While Google and Samsung offer 7 years of software support for their flagship phones, OnePlus is only offering 4 years of Android updates and 5 years of security patches. This led to some questioning OnePlus' software update policy. 

OnePlus COO and President Kinder Liu revealed the rationale in an interview with Tom's Guide. Using a sandwich as an analogy, Liu says the bread and filling of a sandwich are akin to the user experience and software of a phone respectively.

Liu questioned whether the filling (software) would still be "good to eat in seven years' time" and highlighted the possibility of the bread (user experience) turning mouldy after four years.

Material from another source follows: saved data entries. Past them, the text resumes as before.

lemma ereal_convexD:
  assumes "ereal_convex g" "g a = ereal A" "g b = ereal B" "0 \<le> s" "s \<le> 1"
  shows "g (a + s *\<^sub>R (b - a)) \<le> ereal (s * B + (1 - s) * A)"
proof -
  let ?epi = "{(x, r::real). g x \<le> ereal r}"
  have "(1 - s) *\<^sub>R (a, A) + s *\<^sub>R (b, B) \<in> ?epi"
    using assms unfolding ereal_convex_def by (intro convexD) auto
  moreover have "a + s *\<^sub>R (b - a) = (1 - s) *\<^sub>R a + s *\<^sub>R b"
    by (simp add: algebra_simps)
  ultimately show ?thesis
    by (simp add: algebra_simps)
qed

lemma trace_nonneg_if_psd:
  fixes A :: "real^'n^'n"
  assumes "\<And>d. 0 \<le> d \<bullet> (A *v d)"
  shows "0 \<le> trace A"
proof -
  have "A $ i $ i = axis i 1 \<bullet> (A *v axis i 1)" for i
    by (simp add: matrix_vector_mult_basis inner_axis' column_def)
  then show ?thesis
    unfolding trace_def using assms by (simp add: sum_nonneg)
qed

lemma osmm_quad_ge:
  fixes Hk :: "real^'n^'n"
  assumes "\<And>d. 0 \<le> d \<bullet> (Hk *v d)"
  shows "lam / 2 * (norm d)\<^sup>2 \<le> osmm_quad Hk lam d"
proof -
  have "(lam *\<^sub>R mat 1) *v d = lam *\<^sub>R d"
    by (simp add: vec_eq_iff matrix_vector_mult_def mat_def if_distrib if_distribR cong: if_cong)
  then have "d \<bullet> ((Hk + lam *\<^sub>R mat 1) *v d) = d \<bullet> (Hk *v d) + lam * (norm d)\<^sup>2"
    by (simp add: matrix_vector_mult_add_rdistrib inner_add_right power2_norm_eq_inner)
  then show ?thesis
    using assms[of d] unfolding osmm_quad_def by simp
qed

lemma bounded_below_if_compact_sublevels:
  fixes h :: "'a::heine_borel \<Rightarrow> ereal"
  assumes compact: "\<And>c. compact {y. h y \<le> ereal c}" and not_minf: "\<And>y. h y \<noteq> -\<infinity>"
  shows "\<exists>B. \<forall>y. ereal B \<le> h y"
proof (rule ccontr)
  assume unbounded: "\<nexists>B. \<forall>y. ereal B \<le> h y"
  have "{y. h y \<le> ereal (- real n)} \<noteq> {}" for n
  proof -
    obtain y where "\<not> ereal (- real n) \<le> h y"
      using unbounded by blast
    then have "y \<in> {y. h y \<le> ereal (- real n)}"
      by simp
    then show ?thesis
      by blast
  qed
  moreover have "{y. h y \<le> ereal (- real n)} \<subseteq> {y. h y \<le> ereal (- real m)}" if "m \<le> n" for m n
    using that order_trans by fastforce
  ultimately obtain y where y: "\<And>n. h y \<le> ereal (- real n)"
    using compact_nest[of "\<lambda>n. {y. h y \<le> ereal (- real n)}"] compact by blast
  have "h y \<le> ereal B" for B
  proof -
    obtain n where "- B < real n"
      using reals_Archimedean2 by blast
    then show ?thesis
      using y[of n] order_trans by fastforce
  qed
  then show False
    using ereal_bot not_minf by blast
qed
lemma digits_value_Suc: "digits_value (Suc N) d = 10 * digits_value N d + d (Suc N)"
proof -
  have "(\<Sum>k=0..N. d k * 10 ^ (Suc N - k)) = 10 * (\<Sum>k=0..N. d k * 10 ^ (N - k))"
    by (simp add: sum_distrib_left Suc_diff_le mult_ac)
  then show ?thesis by (simp add: digits_value_def)
qed

lemma decimal_sum_eq: "(\<Sum>k=0..N. real (d k) / 10 ^ k) = real (digits_value N d) / 10 ^ N"
proof (induction N)
  case (Suc N)
  then show ?case by (simp add: digits_value_Suc field_simps)
qed simp

lemma digits_value_bounds:
  assumes "\<forall>k. d k \<le> 9"
  shows "d 0 * 10 ^ N \<le> digits_value N d \<and> digits_value N d < (d 0 + 1) * 10 ^ N"
proof (induction N)
  case (Suc N)
  moreover have "d (Suc N) \<le> 9" using assms by simp
  ultimately show ?case by (simp add: digits_value_Suc)
qed simp

lemma digits_value_surj: "j < 10 ^ Suc N \<Longrightarrow> \<exists>d. (\<forall>k. d k \<le> 9) \<and> digits_value N d = j"
proof (induction N arbitrary: j)
  case 0
  then show ?case by (intro exI[of _ "\<lambda>_. j"]) simp
next
  case (Suc N)
  have "j div 10 < 10 ^ Suc N" using Suc.prems by (simp add: less_mult_imp_div_less mult.commute)
  then obtain d where d: "\<forall>k. d k \<le> 9" "digits_value N d = j div 10" using Suc.IH by blast
  define d' where "d' = d(Suc N := j mod 10)"
  have "digits_value N d' = digits_value N d"
    unfolding digits_value_def d'_def by (intro sum.cong) auto
  then have "digits_value (Suc N) d' = j" using d by (simp add: digits_value_Suc d'_def)
  moreover have "\<forall>k. d' k \<le> 9" using d by (simp add: d'_def)
  ultimately show ?case by blast
qed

If the user experience is not optimal after four years, Liu feels a 7-year software update policy "doesn't matter".

Furthermore, he also said that it's unlikely any phone's battery will last that long without a replacement, at which point it probably makes more economical sense to get a new phone altogether.

Liu also backed up his statements by sharing the results of the company's testing with TÜV SUD. Using a variety of stress tests to simulate years of use, OnePlus claims the OnePlus 12 series can still deliver "fast and smooth" performance after four years of use

In addition, Counterpoint Research's findings suggest that the average upgrade cycle for Android phone users is four years. This supports OnePlus' stance on its software support policy.

While OnePlus thinks 7 years of Android updates "completely misses the point," the company cannot ignore the fact that this could become a potential deal breaker for consumers who are looking to use their Android phones beyond the average four-year upgrade cycle and that this could affect the overall value proposition of their phones.